§ **TASK REQUIREMENTS**
The answer should contain all of the records below, each one copied word for word.

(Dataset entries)
lemma cr_twist_fq:
  assumes p0: "amb_dom q0 q1 q2 A B p0"
  shows "cr_twist_at (amb_dom 1 0 0 A B) (tang 1 0 0) (omega_amb 1 0 0) (J_amb 1 0 0 A B)
           (\<lambda>p. fq q0 q1 q2 (p$1) (p$2))
           (amb_dom q0 q1 q2 A B) (tang q0 q1 q2) (omega_amb q0 q1 q2) (J_amb q0 q1 q2 A B) p0"
  unfolding cr_twist_at_def Let_def
proof (intro exI[of _ theta_orth] exI[of _ "{y. 0 < fq q0 q1 q2 ((fst y)$1) ((fst y)$2)}"]
    exI[of _ "twist_map q0 q1 q2 p0"] exI[of _ "\<lambda>_. twist_linear q0 q1 q2"] conjI ballI)
  show "open {y :: (real^5) \<times> real. 0 < fq q0 q1 q2 ((fst y)$1) ((fst y)$2)}"
    unfolding fq_def by (intro open_Collect_less continuous_intros)
  let ?y0 = "(p0$1 *\<^sub>R axis 1 1 + p0$2 *\<^sub>R axis 2 1, 0) :: (real^5) \<times> real"
  have "?y0 \<in> {y \<in> {y. 0 < fq q0 q1 q2 ((fst y)$1) ((fst y)$2)}. amb_dom 1 0 0 A B (fst y)}"
    using p0 by (simp add: amb_dom_def axis_def)
  moreover have "twist_map q0 q1 q2 p0 ?y0 = p0"
    by (simp add: vec5_eq_iff axis_def)
  ultimately show "p0 \<in> twist_map q0 q1 q2 p0 `
      {y \<in> {y. 0 < fq q0 q1 q2 ((fst y)$1) ((fst y)$2)}. amb_dom 1 0 0 A B (fst y)}"
    by (rule rev_image_eqI[OF _ sym])
  have q: "\<not> (q0 = 0 \<and> q1 = 0 \<and> q2 = 0)" using p0 by (auto simp: amb_dom_def fq_def)
  fix y :: "(real^5) \<times> real"
  assume "y \<in> {y \<in> {y. 0 < fq q0 q1 q2 ((fst y)$1) ((fst y)$2)}. amb_dom 1 0 0 A B (fst y)}"
  then have pos: "0 < fq q0 q1 q2 ((fst y)$1) ((fst y)$2)" and y: "amb_dom 1 0 0 A B (fst y)"
    by auto
  then have F: "fq q0 q1 q2 ((fst y)$1) ((fst y)$2) \<noteq> 0" and d: "(fst y)$1 \<noteq> (fst y)$2"
    by (auto simp: amb_dom_def)
  show "0 < fq q0 q1 q2 ((fst y)$1) ((fst y)$2)" by (fact pos)
  show "(\<lambda>p. fq q0 q1 q2 (p$1) (p$2)) differentiable (at (fst y))"
    using fq_has_derivative by (rule differentiableI)
  show "linear (theta_orth (fst y))"
    unfolding theta_orth_def by (rule linearI) (simp_all add: algebra_simps)
  show "\<forall>w. (\<lambda>x. theta_orth x w) differentiable (at (fst y))"
    using theta_orth_has_derivative by (blast intro: differentiableI)
  show "\<forall>v w. tang 1 0 0 v \<longrightarrow> tang 1 0 0 w \<longrightarrow> d1form theta_orth (fst y) v w = omega_amb 1 0 0 (fst y) v w"
    using d by (simp add: omega_orth_eq_d1form_theta_orth)
  show "amb_dom q0 q1 q2 A B (twist_map q0 q1 q2 p0 y)"
    using p0 y pos by (simp add: amb_dom_def tang_def algebra_simps)
  show "(twist_map q0 q1 q2 p0 has_derivative twist_linear q0 q1 q2) (at y)"
    by (rule twist_map_has_derivative)
  show "\<forall>v. tang 1 0 0 (fst v) \<longrightarrow> tang q0 q1 q2 (twist_linear q0 q1 q2 v)"
    by (simp add: twist_linear_tang)
  show "\<forall>u. tang q0 q1 q2 u \<longrightarrow> (\<exists>v. tang 1 0 0 (fst v) \<and> twist_linear q0 q1 q2 v = u)"
    using q by (blast intro: twist_linear_onto)
  let ?\<beta> = "\<lambda>y v. (snd v + theta_orth (fst y) (fst v)) / fq q0 q1 q2 ((fst y)$1) ((fst y)$2)"
  show "\<exists>xi. tang 1 0 0 (fst xi) \<and> ?\<beta> y xi = 1
      \<and> (\<forall>w. tang 1 0 0 (fst w) \<longrightarrow> d1form ?\<beta> y xi w = 0)
      \<and> (\<forall>v. tang 1 0 0 (fst v) \<longrightarrow> (twist_linear q0 q1 q2 v = 0) = (\<exists>c. v = c *\<^sub>R xi))"
    using F q
    by (intro exI[of _ "reeb_field q0 q1 q2"])
      (simp add: contact_killing_field d1form_contact_divide_fq_reeb_field twist_linear_eq_0_iff)
  show "\<forall>v w. tang 1 0 0 (fst v) \<and> snd v + theta_orth (fst y) (fst v) = 0 \<longrightarrow>
      tang 1 0 0 (fst w) \<and> snd w + theta_orth (fst y) (fst w) = 0 \<longrightarrow>
      d1form ?\<beta> y v w
        = omega_amb q0 q1 q2 (twist_map q0 q1 q2 p0 y) (twist_linear q0 q1 q2 v) (twist_linear q0 q1 q2 w)"
    using F d
    by (simp add: d1form_contact_divide_fq omega_twist omega_orth_eq_d1form_theta_orth power2_eq_square)
  show "\<forall>v w. tang 1 0 0 (fst v) \<and> snd v + theta_orth (fst y) (fst v) = 0 \<longrightarrow>
      tang 1 0 0 (fst w) \<and> snd w + theta_orth (fst y) (fst w) = 0 \<longrightarrow>
      J_amb 1 0 0 A B (fst y) (fst v) (fst w) \<longrightarrow>
      J_amb q0 q1 q2 A B (twist_map q0 q1 q2 p0 y) (twist_linear q0 q1 q2 v) (twist_linear q0 q1 q2 w)"
    using F by (blast intro: J_twist)
qed

theorem corollary4:
  fixes q0 q1 q2 :: real and A B :: "real \<Rightarrow> real"
  assumes "\<forall>x. A x > 0 \<longrightarrow> A differentiable (at x)"
      and "\<forall>x. B x > 0 \<longrightarrow> B differentiable (at x)"
  shows "killing_potential (tang 1 0 0) {p. amb_dom 1 0 0 A B p} (omega_amb 1 0 0) (g_amb 1 0 0 A B)
            (\<lambda>p. fq q0 q1 q2 (p$1) (p$2))
       \<and> (\<forall>p0. amb_dom q0 q1 q2 A B p0 \<longrightarrow>
            cr_twist_at (amb_dom 1 0 0 A B) (tang 1 0 0) (omega_amb 1 0 0) (J_amb 1 0 0 A B)
              (\<lambda>p. fq q0 q1 q2 (p$1) (p$2))
              (amb_dom q0 q1 q2 A B) (tang q0 q1 q2) (omega_amb q0 q1 q2) (J_amb q0 q1 q2 A B) p0)"
  using killing_potential_fq[OF assms] cr_twist_fq by blast

end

§ **ANSWER SECTION**
lemma cr_twist_fq:
  assumes p0: "amb_dom q0 q1 q2 A B p0"
  shows "cr_twist_at (amb_dom 1 0 0 A B) (tang 1 0 0) (omega_amb 1 0 0) (J_amb 1 0 0 A B)
           (\<lambda>p. fq q0 q1 q2 (p$1) (p$2))
           (amb_dom q0 q1 q2 A B) (tang q0 q1 q2) (omega_amb q0 q1 q2) (J_amb q0 q1 q2 A B) p0"
  unfolding cr_twist_at_def Let_def
proof (intro exI[of _ theta_orth] exI[of _ "{y. 0 < fq q0 q1 q2 ((fst y)$1) ((fst y)$2)}"]
    exI[of _ "twist_map q0 q1 q2 p0"] exI[of _ "\<lambda>_. twist_linear q0 q1 q2"] conjI ballI)
  show "open {y :: (real^5) \<times> real. 0 < fq q0 q1 q2 ((fst y)$1) ((fst y)$2)}"
    unfolding fq_def by (intro open_Collect_less continuous_intros)
  let ?y0 = "(p0$1 *\<^sub>R axis 1 1 + p0$2 *\<^sub>R axis 2 1, 0) :: (real^5) \<times> real"
  have "?y0 \<in> {y \<in> {y. 0 < fq q0 q1 q2 ((fst y)$1) ((fst y)$2)}. amb_dom 1 0 0 A B (fst y)}"
    using p0 by (simp add: amb_dom_def axis_def)
  moreover have "twist_map q0 q1 q2 p0 ?y0 = p0"
    by (simp add: vec5_eq_iff axis_def)
  ultimately show "p0 \<in> twist_map q0 q1 q2 p0 `
      {y \<in> {y. 0 < fq q0 q1 q2 ((fst y)$1) ((fst y)$2)}. amb_dom 1 0 0 A B (fst y)}"
    by (rule rev_image_eqI[OF _ sym])
  have q: "\<not> (q0 = 0 \<and> q1 = 0 \<and> q2 = 0)" using p0 by (auto simp: amb_dom_def fq_def)
  fix y :: "(real^5) \<times> real"
  assume "y \<in> {y \<in> {y. 0 < fq q0 q1 q2 ((fst y)$1) ((fst y)$2)}. amb_dom 1 0 0 A B (fst y)}"
  then have pos: "0 < fq q0 q1 q2 ((fst y)$1) ((fst y)$2)" and y: "amb_dom 1 0 0 A B (fst y)"
    by auto
  then have F: "fq q0 q1 q2 ((fst y)$1) ((fst y)$2) \<noteq> 0" and d: "(fst y)$1 \<noteq> (fst y)$2"
    by (auto simp: amb_dom_def)
  show "0 < fq q0 q1 q2 ((fst y)$1) ((fst y)$2)" by (fact pos)
  show "(\<lambda>p. fq q0 q1 q2 (p$1) (p$2)) differentiable (at (fst y))"
    using fq_has_derivative by (rule differentiableI)
  show "linear (theta_orth (fst y))"
    unfolding theta_orth_def by (rule linearI) (simp_all add: algebra_simps)
  show "\<forall>w. (\<lambda>x. theta_orth x w) differentiable (at (fst y))"
    using theta_orth_has_derivative by (blast intro: differentiableI)
  show "\<forall>v w. tang 1 0 0 v \<longrightarrow> tang 1 0 0 w \<longrightarrow> d1form theta_orth (fst y) v w = omega_amb 1 0 0 (fst y) v w"
    using d by (simp add: omega_orth_eq_d1form_theta_orth)
  show "amb_dom q0 q1 q2 A B (twist_map q0 q1 q2 p0 y)"
    using p0 y pos by (simp add: amb_dom_def tang_def algebra_simps)
  show "(twist_map q0 q1 q2 p0 has_derivative twist_linear q0 q1 q2) (at y)"
    by (rule twist_map_has_derivative)
  show "\<forall>v. tang 1 0 0 (fst v) \<longrightarrow> tang q0 q1 q2 (twist_linear q0 q1 q2 v)"
    by (simp add: twist_linear_tang)
  show "\<forall>u. tang q0 q1 q2 u \<longrightarrow> (\<exists>v. tang 1 0 0 (fst v) \<and> twist_linear q0 q1 q2 v = u)"
    using q by (blast intro: twist_linear_onto)
  let ?\<beta> = "\<lambda>y v. (snd v + theta_orth (fst y) (fst v)) / fq q0 q1 q2 ((fst y)$1) ((fst y)$2)"
  show "\<exists>xi. tang 1 0 0 (fst xi) \<and> ?\<beta> y xi = 1
      \<and> (\<forall>w. tang 1 0 0 (fst w) \<longrightarrow> d1form ?\<beta> y xi w = 0)
      \<and> (\<forall>v. tang 1 0 0 (fst v) \<longrightarrow> (twist_linear q0 q1 q2 v = 0) = (\<exists>c. v = c *\<^sub>R xi))"
    using F q
    by (intro exI[of _ "reeb_field q0 q1 q2"])
      (simp add: contact_killing_field d1form_contact_divide_fq_reeb_field twist_linear_eq_0_iff)
  show "\<forall>v w. tang 1 0 0 (fst v) \<and> snd v + theta_orth (fst y) (fst v) = 0 \<longrightarrow>
      tang 1 0 0 (fst w) \<and> snd w + theta_orth (fst y) (fst w) = 0 \<longrightarrow>
      d1form ?\<beta> y v w
        = omega_amb q0 q1 q2 (twist_map q0 q1 q2 p0 y) (twist_linear q0 q1 q2 v) (twist_linear q0 q1 q2 w)"
    using F d
    by (simp add: d1form_contact_divide_fq omega_twist omega_orth_eq_d1form_theta_orth power2_eq_square)
  show "\<forall>v w. tang 1 0 0 (fst v) \<and> snd v + theta_orth (fst y) (fst v) = 0 \<longrightarrow>
      tang 1 0 0 (fst w) \<and> snd w + theta_orth (fst y) (fst w) = 0 \<longrightarrow>
      J_amb 1 0 0 A B (fst y) (fst v) (fst w) \<longrightarrow>
      J_amb q0 q1 q2 A B (twist_map q0 q1 q2 p0 y) (twist_linear q0 q1 q2 v) (twist_linear q0 q1 q2 w)"
    using F by (blast intro: J_twist)
qed

theorem corollary4:
  fixes q0 q1 q2 :: real and A B :: "real \<Rightarrow> real"
  assumes "\<forall>x. A x > 0 \<longrightarrow> A differentiable (at x)"
      and "\<forall>x. B x > 0 \<longrightarrow> B differentiable (at x)"
  shows "killing_potential (tang 1 0 0) {p. amb_dom 1 0 0 A B p} (omega_amb 1 0 0) (g_amb 1 0 0 A B)
            (\<lambda>p. fq q0 q1 q2 (p$1) (p$2))
       \<and> (\<forall>p0. amb_dom q0 q1 q2 A B p0 \<longrightarrow>
            cr_twist_at (amb_dom 1 0 0 A B) (tang 1 0 0) (omega_amb 1 0 0) (J_amb 1 0 0 A B)
              (\<lambda>p. fq q0 q1 q2 (p$1) (p$2))
              (amb_dom q0 q1 q2 A B) (tang q0 q1 q2) (omega_amb q0 q1 q2) (J_amb q0 q1 q2 A B) p0)"
  using killing_potential_fq[OF assms] cr_twist_fq by blast

end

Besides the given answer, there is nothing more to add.